● **Problem to work on**: Your job with the data below: print everything from the line that holds "by (intro exI[of" down to the line that holds "(\<not> a) x))", ends included, exactly, and nothing else.

● **The data**:
lemma same_run_gap_prefix:
  assumes "same_run u v" "R * \<Phi> u \<le> \<bar>\<Phi> u - \<Phi> v\<bar>"
  shows "\<exists>u' v'. same_run u' v' \<and> (\<forall>i<n. u' i = v' i) \<and> R * \<Phi> u' \<le> \<bar>\<Phi> u' - \<Phi> v'\<bar>"
proof (induction n)
  case 0
  show ?case using assms by blast
next
  case (Suc n)
  then obtain u' v' where uv: "same_run u' v'" "\<forall>i<n. u' i = v' i"
    "R * \<Phi> u' \<le> \<bar>\<Phi> u' - \<Phi> v'\<bar>"
    by blast
  obtain b where "R * \<Phi> (prep b u') \<le> \<bar>\<Phi> (prep b u') - \<Phi> (prep b v')\<bar>"
    using same_run_gap_prep[OF uv(1,3)] .
  then show ?case
    using same_run_prep[OF uv(1)] prefix_agree_prep[OF uv(2)]
    by (intro exI[of _ "prep b u'"] exI[of _ "prep b v'"]) simp
qed

text \<open>A relative gap between \<open>\<Phi> x\<close> and \<open>\<Phi> y\<close> would reappear between points agreeing on
  arbitrarily long prefixes, against uniform continuity and \<open>\<Phi> \<ge> c > 0\<close>.\<close>
lemma Phi_same_run:
  assumes "same_run x y"
  shows "\<Phi> x = \<Phi> y"
proof (rule ccontr)
  assume "\<Phi> x \<noteq> \<Phi> y"
  define R where "R = \<bar>\<Phi> x - \<Phi> y\<bar> / \<Phi> x"
  have R: "0 < R" "R * \<Phi> x \<le> \<bar>\<Phi> x - \<Phi> y\<bar>"
    using \<open>\<Phi> x \<noteq> \<Phi> y\<close> Phi_pos[of x] unfolding R_def by auto
  obtain c where c: "0 < c" "\<And>x. c \<le> \<Phi> x"
    using continuous_on_sigma_pos_lower_bound[OF Phi_cont Phi_pos] by blast
  obtain N where N: "\<And>u v. \<forall>i<N. u i = v i \<Longrightarrow> dist (\<Phi> u) (\<Phi> v) < R * c"
    using uniformly_continuous_sigma[OF Phi_cont mult_pos_pos[OF R(1) c(1)]] by blast
  obtain u v where uv: "\<forall>i<N. u i = v i" "R * \<Phi> u \<le> \<bar>\<Phi> u - \<Phi> v\<bar>"
    using same_run_gap_prefix[OF assms R(2)] by blast
  have "\<bar>\<Phi> u - \<Phi> v\<bar> < R * c" using N[OF uv(1)] by (simp add: dist_real_def)
  moreover have "R * c \<le> R * \<Phi> u" using R(1) c(2)[of u] by simp
  ultimately show False using uv(2) by linarith
qed

definition Phi_run :: "bool \<Rightarrow> nat \<Rightarrow> real" where
  "Phi_run a m = \<Phi> (\<lambda>i. if i < m then a else \<not> a)"

lemma Phi_on_run_cyl: "1 \<le> m \<Longrightarrow> x \<in> run_cyl a m \<Longrightarrow> \<Phi> x = Phi_run a m"
  using Phi_same_run[of x "\<lambda>i. if i < m then a else \<not> a"] run_point_in_run_cyl
  unfolding Phi_run_def same_run_def by blast

lemma Phi_run_pos: "0 < Phi_run a m"
  unfolding Phi_run_def by (rule Phi_pos)

lemma Phi_run_le_1: "Phi_run a m \<le> 1"
  unfolding Phi_run_def by (rule Phi_le_1)

lemma Phi_run_Suc:
  assumes "1 \<le> m"
  shows "lam * Phi_run a m = Phi_run a (Suc m) + exp (- \<beta> * Hrun a m) * Phi_run (\<not> a) 1"
proof -
  define x where "x = (\<lambda>i. if i < m then a else \<not> a)"
  have x: "x \<in> run_cyl a m" unfolding x_def by (rule run_point_in_run_cyl)
  have "lam * Phi_run a m = exp (- \<beta> * H (prep a x)) * \<Phi> (prep a x)
      + exp (- \<beta> * H (prep (\<not> a) x)) * \<Phi> (prep (\<not> a) x)"
    unfolding Phi_run_def x_def[symmetric] by (rule eigen_prep)
  moreover have "H (prep a x) = 0" by (rule H_prep_stay[of x, OF run_cyl_head[OF assms x]])
  moreover have "H (prep (\<not> a) x) = Hrun a m" by (rule H_prep_leave[OF assms x])
  moreover have "\<Phi> (prep a x) = Phi_run a (Suc m)"
    by (rule Phi_on_run_cyl[OF _ prep_run_cyl_stay[OF x]]) simp
  moreover have "\<Phi> (prep (\<not> a) x) = Phi_run (\<not> a) 1"
    by (rule Phi_on_run_cyl[OF _ prep_run_cyl_leave[OF assms x]]) simp
  ultimately show ?thesis by simp
qed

● **Result of this task**:
    by (intro exI[of _ "prep b u'"] exI[of _ "prep b v'"]) simp
qed

text \<open>A relative gap between \<open>\<Phi> x\<close> and \<open>\<Phi> y\<close> would reappear between points agreeing on
  arbitrarily long prefixes, against uniform continuity and \<open>\<Phi> \<ge> c > 0\<close>.\<close>
lemma Phi_same_run:
  assumes "same_run x y"
  shows "\<Phi> x = \<Phi> y"
proof (rule ccontr)
  assume "\<Phi> x \<noteq> \<Phi> y"
  define R where "R = \<bar>\<Phi> x - \<Phi> y\<bar> / \<Phi> x"
  have R: "0 < R" "R * \<Phi> x \<le> \<bar>\<Phi> x - \<Phi> y\<bar>"
    using \<open>\<Phi> x \<noteq> \<Phi> y\<close> Phi_pos[of x] unfolding R_def by auto
  obtain c where c: "0 < c" "\<And>x. c \<le> \<Phi> x"
    using continuous_on_sigma_pos_lower_bound[OF Phi_cont Phi_pos] by blast
  obtain N where N: "\<And>u v. \<forall>i<N. u i = v i \<Longrightarrow> dist (\<Phi> u) (\<Phi> v) < R * c"
    using uniformly_continuous_sigma[OF Phi_cont mult_pos_pos[OF R(1) c(1)]] by blast
  obtain u v where uv: "\<forall>i<N. u i = v i" "R * \<Phi> u \<le> \<bar>\<Phi> u - \<Phi> v\<bar>"
    using same_run_gap_prefix[OF assms R(2)] by blast
  have "\<bar>\<Phi> u - \<Phi> v\<bar> < R * c" using N[OF uv(1)] by (simp add: dist_real_def)
  moreover have "R * c \<le> R * \<Phi> u" using R(1) c(2)[of u] by simp
  ultimately show False using uv(2) by linarith
qed

definition Phi_run :: "bool \<Rightarrow> nat \<Rightarrow> real" where
  "Phi_run a m = \<Phi> (\<lambda>i. if i < m then a else \<not> a)"

lemma Phi_on_run_cyl: "1 \<le> m \<Longrightarrow> x \<in> run_cyl a m \<Longrightarrow> \<Phi> x = Phi_run a m"
  using Phi_same_run[of x "\<lambda>i. if i < m then a else \<not> a"] run_point_in_run_cyl
  unfolding Phi_run_def same_run_def by blast

lemma Phi_run_pos: "0 < Phi_run a m"
  unfolding Phi_run_def by (rule Phi_pos)

lemma Phi_run_le_1: "Phi_run a m \<le> 1"
  unfolding Phi_run_def by (rule Phi_le_1)

lemma Phi_run_Suc:
  assumes "1 \<le> m"
  shows "lam * Phi_run a m = Phi_run a (Suc m) + exp (- \<beta> * Hrun a m) * Phi_run (\<not> a) 1"
proof -
  define x where "x = (\<lambda>i. if i < m then a else \<not> a)"
  have x: "x \<in> run_cyl a m" unfolding x_def by (rule run_point_in_run_cyl)
  have "lam * Phi_run a m = exp (- \<beta> * H (prep a x)) * \<Phi> (prep a x)
      + exp (- \<beta> * H (prep (\<not> a) x)) * \<Phi> (prep (\<not> a) x)"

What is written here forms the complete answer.